REQUIRED ACTION >>
In the following material, identify every line holding the string "bool" and return it.

TASK DATA >>
>>>

(* Let $p$ be a prime, $R$ an $F$-pure ring of characteristic $p$, and $f\in R$ a non-zero non-unit. Let $d\ge1$ and $\alpha\in[0,1]\cap\frac{1}{p^d}\mathbb{N}$. If for some $e\ge1$ the inclusion $R\cdot f^{\lceil p^e\alpha\rceil/p^e}\subseteq R^{1/p^e}$ splits over $R$, then the inclusion $R\cdot f^{\alpha}\subseteq R^{1/p^d}$ splits over $R$.
   Context: A ring $R$ of characteristic $p$ is $F$-pure if $R\subseteq R^{1/p}$ splits as a map of $R$-modules; such a ring is reduced. Roots. $R^{1/p^e}$ is the ring of formal symbols $r^{1/p^e}$ ($r\in R$), with $r^{1/p^e}+s^{1/p^e}=(r+s)^{1/p^e}$ and $r^{1/p^e}s^{1/p^e}=(rs)^{1/p^e}$. It contains $R$ via $r\mapsto(r^{p^e})^{1/p^e}$. Powers of $f$. For $a\in\mathbb{N}$, $f^{a/p^e}:=(f^a)^{1/p^e}$; in particular $f^\alpha=f^{a/p^d}$ when $\alpha=a/p^d$. Splitting. The inclusion $R\cdot t\subseteq R^{1/p^e}$ splits over $R$ if some $R$-linear $\theta:R^{1/p^e}\to R$ has $\theta(t)=1$. *)

theory Defs
  imports Complex_Main "HOL-Computational_Algebra.Primes"
begin

text \<open>The ring R is modelled as the whole type 'a. The module R^{1/p^e} of formal
symbols r^{1/p^e} is, as an additive group, a copy of R (r^{1/p^e} corresponds to r),
with R acting by  s . r^{1/p^e} = (s^{p^e} r)^{1/p^e}. Hence an R-linear map
R^{1/p^e} -> R is an additive map th : 'a -> 'a with th (s^(p^e) * r) = s * th r.\<close>

definition root_linear :: "nat \<Rightarrow> nat \<Rightarrow> ('a::comm_ring_1 \<Rightarrow> 'a) \<Rightarrow> bool" where
  "root_linear p e th \<longleftrightarrow>
     (\<forall>x y. th (x + y) = th x + th y) \<and> (\<forall>s r. th (s ^ (p ^ e) * r) = s * th r)"

text \<open>F-purity: the inclusion R \<subseteq> R^{1/p}, r \<mapsto> (r^p)^{1/p}, splits over R.\<close>
definition F_pure :: "nat \<Rightarrow> 'a::comm_ring_1 itself \<Rightarrow> bool" where
  "F_pure p _ \<longleftrightarrow> (\<exists>th :: 'a \<Rightarrow> 'a. root_linear p 1 th \<and> (\<forall>r. th (r ^ p) = r))"

text \<open>The inclusion R \<cdot> t^{1/p^e} \<subseteq> R^{1/p^e} splits over R
 (t^{1/p^e} represented by t).\<close>
definition splits_root :: "nat \<Rightarrow> nat \<Rightarrow> 'a::comm_ring_1 \<Rightarrow> bool" where
  "splits_root p e t \<longleftrightarrow> (\<exists>th. root_linear p e th \<and> th t = 1)"

end

theory Submission
  imports Defs
begin

text \<open>A splitting \<open>\<phi>\<close> of \<open>f^b\<close> at level \<open>e\<close>, where \<open>b = \<lceil>p^e \<alpha>\<rceil>\<close>, is first pushed up to
level \<open>e + d\<close> by composing with the \<open>d\<close>-fold iterate of an F-splitting; it then splits
\<open>(f^b)^{p^d}\<close>. Since \<open>a p^e \<le> b p^d\<close>, the element \<open>(f^a)^{p^e}\<close> divides \<open>(f^b)^{p^d}\<close>, so
precomposing with multiplication by the cofactor splits \<open>(f^a)^{p^e}\<close> at level \<open>d + e\<close>.
Finally precomposing with the \<open>p^e\<close>-th power map, which is additive in characteristic \<open>p\<close>,
brings this back to a splitting of \<open>f^a\<close> at level \<open>d\<close>.\<close>

lemma root_linear_comp:
  fixes \<phi> \<theta> :: "'a::comm_ring_1 \<Rightarrow> 'a"
  assumes "root_linear p e \<phi>" and "root_linear p k \<theta>"
  shows "root_linear p (e + k) (\<phi> \<circ> \<theta>)"
  unfolding root_linear_def
proof (intro conjI allI)
  fix x y :: 'a show "(\<phi> \<circ> \<theta>) (x + y) = (\<phi> \<circ> \<theta>) x + (\<phi> \<circ> \<theta>) y"
    using assms by (simp add: root_linear_def)
next
  fix s r :: 'a
  have "s ^ p ^ (e + k) = (s ^ p ^ e) ^ p ^ k"
    by (simp add: power_add power_mult)
  then show "(\<phi> \<circ> \<theta>) (s ^ p ^ (e + k) * r) = s * (\<phi> \<circ> \<theta>) r"
    using assms by (simp add: root_linear_def)
qed

lemma root_linear_funpow:
  fixes \<theta> :: "'a::comm_ring_1 \<Rightarrow> 'a"
  assumes "root_linear p 1 \<theta>"
  shows "root_linear p k (\<theta> ^^ k)"
proof (induction k)
  case 0
  then show ?case by (simp add: root_linear_def)
next
  case (Suc k)
  have "root_linear p (k + 1) (\<theta> ^^ k \<circ> \<theta>)"
    by (rule root_linear_comp[OF Suc.IH assms])
  then show ?case
    by (simp only: funpow_Suc_right Suc_eq_plus1[symmetric])
qed

lemma root_linear_mult_left:
  fixes \<phi> :: "'a::comm_ring_1 \<Rightarrow> 'a"
  assumes "root_linear p e \<phi>"
  shows "root_linear p e (\<lambda>r. \<phi> (c * r))"
  unfolding root_linear_def
proof (intro conjI allI)
  fix x y :: 'a show "\<phi> (c * (x + y)) = \<phi> (c * x) + \<phi> (c * y)"
    using assms by (simp add: root_linear_def distrib_left)
next
  fix s r :: 'a
  have "\<phi> (c * (s ^ p ^ e * r)) = \<phi> (s ^ p ^ e * (c * r))"
    by (simp add: ac_simps)
  also have "\<dots> = s * \<phi> (c * r)"
    using assms by (simp add: root_linear_def)
  finally show "\<phi> (c * (s ^ p ^ e * r)) = s * \<phi> (c * r)" .
qed

lemma root_linear_comp_frobenius:
  fixes \<phi> :: "'a::comm_ring_1 \<Rightarrow> 'a"
  assumes "prime p" and "CHAR('a) = p" and "root_linear p (d + m) \<phi>"
  shows "root_linear p d (\<lambda>r. \<phi> (r ^ p ^ m))"
  unfolding root_linear_def
proof (intro conjI allI)
  fix x y :: 'a
  have "(x + y) ^ p ^ m = x ^ p ^ m + y ^ p ^ m"
    using assms(1,2) by (intro freshmans_dream') simp_all
  then show "\<phi> ((x + y) ^ p ^ m) = \<phi> (x ^ p ^ m) + \<phi> (y ^ p ^ m)"
    using assms(3) by (simp add: root_linear_def)
next
  fix s r :: 'a
  have "(s ^ p ^ d * r) ^ p ^ m = s ^ p ^ (d + m) * r ^ p ^ m"
    by (simp add: power_mult_distrib power_add power_mult)
  then show "\<phi> ((s ^ p ^ d * r) ^ p ^ m) = s * \<phi> (r ^ p ^ m)"
    using assms(3) by (simp add: root_linear_def)
qed

lemma F_pure_iterate:
  assumes "F_pure p TYPE('a)"
  obtains \<theta> :: "'a::comm_ring_1 \<Rightarrow> 'a" where "root_linear p k \<theta>" and "\<And>r. \<theta> (r ^ p ^ k) = r"
proof -
  obtain \<theta> :: "'a \<Rightarrow> 'a" where \<theta>: "root_linear p 1 \<theta>" "\<And>r. \<theta> (r ^ p) = r"
    using assms unfolding F_pure_def by blast
  have "(\<theta> ^^ k) (r ^ p ^ k) = r" for r
  proof (induction k arbitrary: r)
    case (Suc k)
    have "r ^ p ^ Suc k = (r ^ p ^ k) ^ p"
      by (simp add: power_mult[symmetric] mult.commute)
    then show ?case using Suc \<theta>(2) by (simp add: funpow_Suc_right del: funpow.simps)
  qed simp
  then show thesis using that root_linear_funpow[OF \<theta>(1)] by blast
qed

lemma splits_root_power_of_F_pure:
  assumes "F_pure p TYPE('a::comm_ring_1)" and "splits_root p e (t :: 'a)"
  shows "splits_root p (e + k) (t ^ p ^ k)"
proof -
  obtain \<phi> where \<phi>: "root_linear p e \<phi>" "\<phi> t = 1"
    using assms(2) unfolding splits_root_def by blast
  obtain \<theta> :: "'a \<Rightarrow> 'a" where \<theta>: "root_linear p k \<theta>" "\<And>r. \<theta> (r ^ p ^ k) = r"
    using F_pure_iterate[OF assms(1)] by blast
  show ?thesis
    unfolding splits_root_def using root_linear_comp[OF \<phi>(1) \<theta>(1)] \<phi>(2) \<theta>(2) by auto
qed

lemma splits_root_mult_right:
  assumes "splits_root p e (c * t :: 'a::comm_ring_1)"
  shows "splits_root p e t"
  using assms root_linear_mult_left unfolding splits_root_def by fastforce

lemma splits_root_of_power:
  fixes t :: "'a::comm_ring_1"
  assumes "prime p" and "CHAR('a) = p" and "splits_root p (d + m) (t ^ p ^ m)"
  shows "splits_root p d t"
  using assms root_linear_comp_frobenius[OF assms(1,2)] unfolding splits_root_def by blast

lemma mult_le_nat_ceiling_mult_div:
  assumes "q > 0"
  shows "a * n \<le> nat \<lceil>real n * (real a / real q)\<rceil> * q"
proof -
  let ?b = "nat \<lceil>real n * (real a / real q)\<rceil>"
  have ceil: "real n * (real a / real q) \<le> real ?b"
    by linarith
  have "real (a * n) = real n * (real a / real q) * real q"
    using assms by simp
  also have "\<dots> \<le> real ?b * real q"
    by (rule mult_right_mono[OF ceil]) simp
  finally show ?thesis
    by (simp only: of_nat_mult[symmetric] of_nat_le_iff)
qed

theorem mainTheorem9:
  fixes f :: "'a::comm_ring_1" and p d e a :: nat
  assumes "prime p"
    and "CHAR('a) = p"
    and "F_pure p TYPE('a)"
    and "f \<noteq> 0" and "\<not> f dvd 1"
    and "d \<ge> 1"
    and "a \<le> p ^ d"
    and "e \<ge> 1"
    and "splits_root p e (f ^ nat \<lceil>real (p ^ e) * (real a / real (p ^ d))\<rceil>)"
  shows "splits_root p d (f ^ a)"
proof -
  define b where "b = nat \<lceil>real (p ^ e) * (real a / real (p ^ d))\<rceil>"
  have "a * p ^ e \<le> b * p ^ d"
    unfolding b_def using assms(1) by (intro mult_le_nat_ceiling_mult_div) (simp add: prime_gt_0_nat)
  then have "(f ^ b) ^ p ^ d = f ^ (b * p ^ d - a * p ^ e) * (f ^ a) ^ p ^ e"
    by (simp add: power_add[symmetric] power_mult[symmetric])
  moreover have "splits_root p (e + d) ((f ^ b) ^ p ^ d)"
    using splits_root_power_of_F_pure[OF assms(3)] assms(9) unfolding b_def by blast
  ultimately have "splits_root p (d + e) (f ^ (b * p ^ d - a * p ^ e) * (f ^ a) ^ p ^ e)"
    by (simp only: add.commute)
  then have "splits_root p (d + e) ((f ^ a) ^ p ^ e)"
    by (rule splits_root_mult_right)
  then show ?thesis
    using splits_root_of_power[OF assms(1,2)] by blast
qed

end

<<<

SOLUTION TO THIS TASK >>
definition root_linear :: "nat \<Rightarrow> nat \<Rightarrow> ('a::comm_ring_1 \<Rightarrow> 'a) \<Rightarrow> bool" where
definition F_pure :: "nat \<Rightarrow> 'a::comm_ring_1 itself \<Rightarrow> bool" where
definition splits_root :: "nat \<Rightarrow> nat \<Rightarrow> 'a::comm_ring_1 \<Rightarrow> bool" where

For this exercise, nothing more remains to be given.